At the beginning of this time with therapy, I was a broken husk. There wasn’t much to work with, but my therapist saw something in me that clearly wasn’t broken. There was still a spark of me left, and he was determined to get that out of me. I have come a long way since our first meeting. The patterns I mentioned weren’t something that were obvious to me then for a start. I blamed myself constantly for everything. We picked apart my relationships with people and what similarities they had. How I reacted to every day situations, and how to cope with them. I always told him that CBT was useless to me, turns out it actually wasn’t, just the versions I’ve done didn’t work without other therapies. I think he was quite pleased on the day I admitted that CBT wasn’t entirely useless! I’ve cried, I’ve laughed, sworn like a trooper, been rubbish at doing my homework (try working on compassion based training when you’re not feeling especially compassionate!) and right now — it might not be all the way OK, but it’s mostly there.

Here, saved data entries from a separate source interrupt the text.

lemma mle_pair_sum_le:
  assumes n: "n \<ge> 1" and K: "K \<ge> 0"
    and par_true: "(als, bes, rs) \<in> param_space B n" and par: "(al, be, r) \<in> param_space B n"
    and gain: "loglik n (als, bes, rs) a \<le> loglik n (al, be, r) a"
    and score: "score_sq n (als, bes, rs) a \<le> K * (real n)\<^sup>2"
  defines "u \<equiv> \<lambda>i. al i - als i" and "v \<equiv> \<lambda>i. be i - bes i"
  shows "(\<Sum>p\<in>pairs n. (u (fst p) + v (snd p))\<^sup>2 + (v (fst p) + u (snd p))\<^sup>2 + (r - rs)\<^sup>2)
    \<le> B * (K + 3) / concavity_const B * sqrt (real n) ^ 3"
proof -
  define \<theta>s where "\<theta>s = (als, bes, rs)"
  define s where "s = sqrt (real n)"
  have s: "s \<ge> 1" "real n = s\<^sup>2" unfolding s_def using n by auto
  define X Y where "X k = out_degree_dev n \<theta>s k a" and "Y k = in_degree_dev n \<theta>s k a" for k
  define Z where "Z = reciprocity_dev n \<theta>s a"
  have uv: "\<bar>u k\<bar> \<le> 2 * B \<and> \<bar>v k\<bar> \<le> 2 * B" if "k \<in> {1..n}" for k
    using param_space_abs_le(1)[OF par_true that] param_space_abs_le(1)[OF par that]
    unfolding u_def v_def by (auto simp: abs_le_iff)
  have "\<bar>r - rs\<bar> \<le> 2 * B"
    using param_space_abs_le(2)[OF par_true] param_space_abs_le(2)[OF par] by (auto simp: abs_le_iff)
  then have Z_term: "(r - rs) * Z \<le> B * (Z\<^sup>2 / s + s)"
    using mult_le_amgm[of s "r - rs" "2 * B" Z] s by simp
  have X_term: "(\<Sum>k=1..n. u k * X k) \<le> B * ((\<Sum>k=1..n. (X k)\<^sup>2) / s + real n * s)"
    using sum_mult_le_amgm[of s "{1..n}" u "2 * B" X] s uv by simp
  have Y_term: "(\<Sum>k=1..n. v k * Y k) \<le> B * ((\<Sum>k=1..n. (Y k)\<^sup>2) / s + real n * s)"
    using sum_mult_le_amgm[of s "{1..n}" v "2 * B" Y] s uv by simp
  have "concavity_const B * (\<Sum>p\<in>pairs n. (u (fst p) + v (snd p))\<^sup>2 + (v (fst p) + u (snd p))\<^sup>2 + (r - rs)\<^sup>2)
      \<le> (\<Sum>k=1..n. u k * X k) + (\<Sum>k=1..n. v k * Y k) + (r - rs) * Z"
    using loglik_gain_le_score[OF par_true par, of a] gain
    unfolding X_def Y_def Z_def \<theta>s_def u_def v_def by (simp add: sum.distrib)
  also have "\<dots> \<le> B * ((\<Sum>k=1..n. (X k)\<^sup>2) / s + real n * s)
      + B * ((\<Sum>k=1..n. (Y k)\<^sup>2) / s + real n * s) + B * (Z\<^sup>2 / s + s)"
    using X_term Y_term Z_term by (intro add_mono)
  also have "\<dots> = B * (score_sq n \<theta>s a / s + (2 * real n + 1) * s)"
    unfolding score_sq_def X_def Y_def Z_def using s by (simp add: sum.distrib field_simps)
  also have "\<dots> \<le> B * (K * s ^ 4 / s + 3 * s\<^sup>2 * s)"
  proof -
    have "B \<ge> 0" using param_space_abs_le(2)[OF par_true] by simp
    moreover have "score_sq n \<theta>s a / s \<le> K * s ^ 4 / s"
      using score s unfolding \<theta>s_def by (intro divide_right_mono) (auto simp: power_mult_distrib[symmetric])
    ultimately show ?thesis using s by (intro mult_left_mono add_mono mult_right_mono) auto
  qed
  also have "\<dots> = B * (K + 3) * s ^ 3" using s by (simp add: field_simps power_numeral_reduce)
  finally show ?thesis using concavity_const_pos[of B] unfolding s_def by (simp add: field_simps)
qed

section \<open>From the pair sum to the three error terms\<close>

lemma pairs_Suc: "pairs (Suc n) = pairs n \<union> (\<lambda>i. (i, Suc n)) ` {1..n}"
  unfolding pairs_def by auto

lemma sum_square_eq_pairs_diag:
  fixes f :: "nat \<Rightarrow> nat \<Rightarrow> real"
  shows "(\<Sum>i=1..n. \<Sum>j=1..n. f i j)
    = (\<Sum>p\<in>pairs n. f (fst p) (snd p) + f (snd p) (fst p)) + (\<Sum>i=1..n. f i i)"
proof (induction n)
  case 0
  have "pairs 0 = {}" by (auto simp: pairs_def)
  then show ?case by simp
next
  case (Suc n)
  have new_pairs: "(\<Sum>p\<in>pairs (Suc n). f (fst p) (snd p) + f (snd p) (fst p))
      = (\<Sum>p\<in>pairs n. f (fst p) (snd p) + f (snd p) (fst p)) + (\<Sum>i=1..n. f i (Suc n) + f (Suc n) i)"
  proof -
    have "pairs n \<inter> (\<lambda>i. (i, Suc n)) ` {1..n} = {}" unfolding pairs_def by auto
    moreover have "inj_on (\<lambda>i. (i, Suc n)) {1..n}" by (auto simp: inj_on_def)
    ultimately show ?thesis
      unfolding pairs_Suc by (simp add: sum.union_disjoint finite_pairs sum.reindex)
  qed
  have "(\<Sum>i=1..Suc n. \<Sum>j=1..Suc n. f i j) = (\<Sum>i=1..n. \<Sum>j=1..n. f i j) + (\<Sum>i=1..n. f i (Suc n))
      + (\<Sum>j=1..n. f (Suc n) j) + f (Suc n) (Suc n)"
    by (simp add: sum.distrib)
  also have "\<dots> = (\<Sum>p\<in>pairs (Suc n). f (fst p) (snd p) + f (snd p) (fst p)) + (\<Sum>i=1..Suc n. f i i)"
    unfolding new_pairs Suc.IH by (simp add: sum.distrib)
  finally show ?case .
qed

So, why do I need a therapist? Well I’ve dealt with depression and anxiety most of my adult life. Some days are good, great even, some not so much. It’s on those not so much days that I have to remember there is great to come. To not spiral, to recognise the peaks and flows of my moodswings and be OK with them. I’m not entirely broken. I’m a flawed human being just like everyone else, but rather than blame everyone else, therapy helps me recognise my flaws and do something about them. I’ve always said to people who’ve asked me about therapy you can’t force yourself to do it. You need to feel that it is the best thing for you to do. Not because someone tells you to, but because you want to. You don’t want to feel bad anymore. You don’t want to repeat the same things over and over. You want to remember that even when you’re at the darkest part of your mood that it will lift, and you can do this. Not everyone in the world will hurt you. Of course you’ll meet people who will, but don’t let that hurt drag you down to a pit from which you can’t get out of. Be kind to yourself — it’s not an easy process for sure — and kind to other people. Also not easy, especially when they’ve been less kind back.

Therapy will help you, if you want it too. It’s a partnership. It takes a lot of work, but it’s so worth it when you see how much can change in a year. Don’t see the process as something you do when you’re weak; you sought help at the hardest time of your life, and you were willing to work on something so drastic that you go to a stranger to help you achieve that. If that isn’t strong and dedicated I don’t know what is. If you’re ready to work at it, it will pay you back tenfold.

Hopefully one day, it will be a normal conversation to have with someone. No stigma, just as normal as going for a regular check up, and making a joke out of it in the pub with your friends.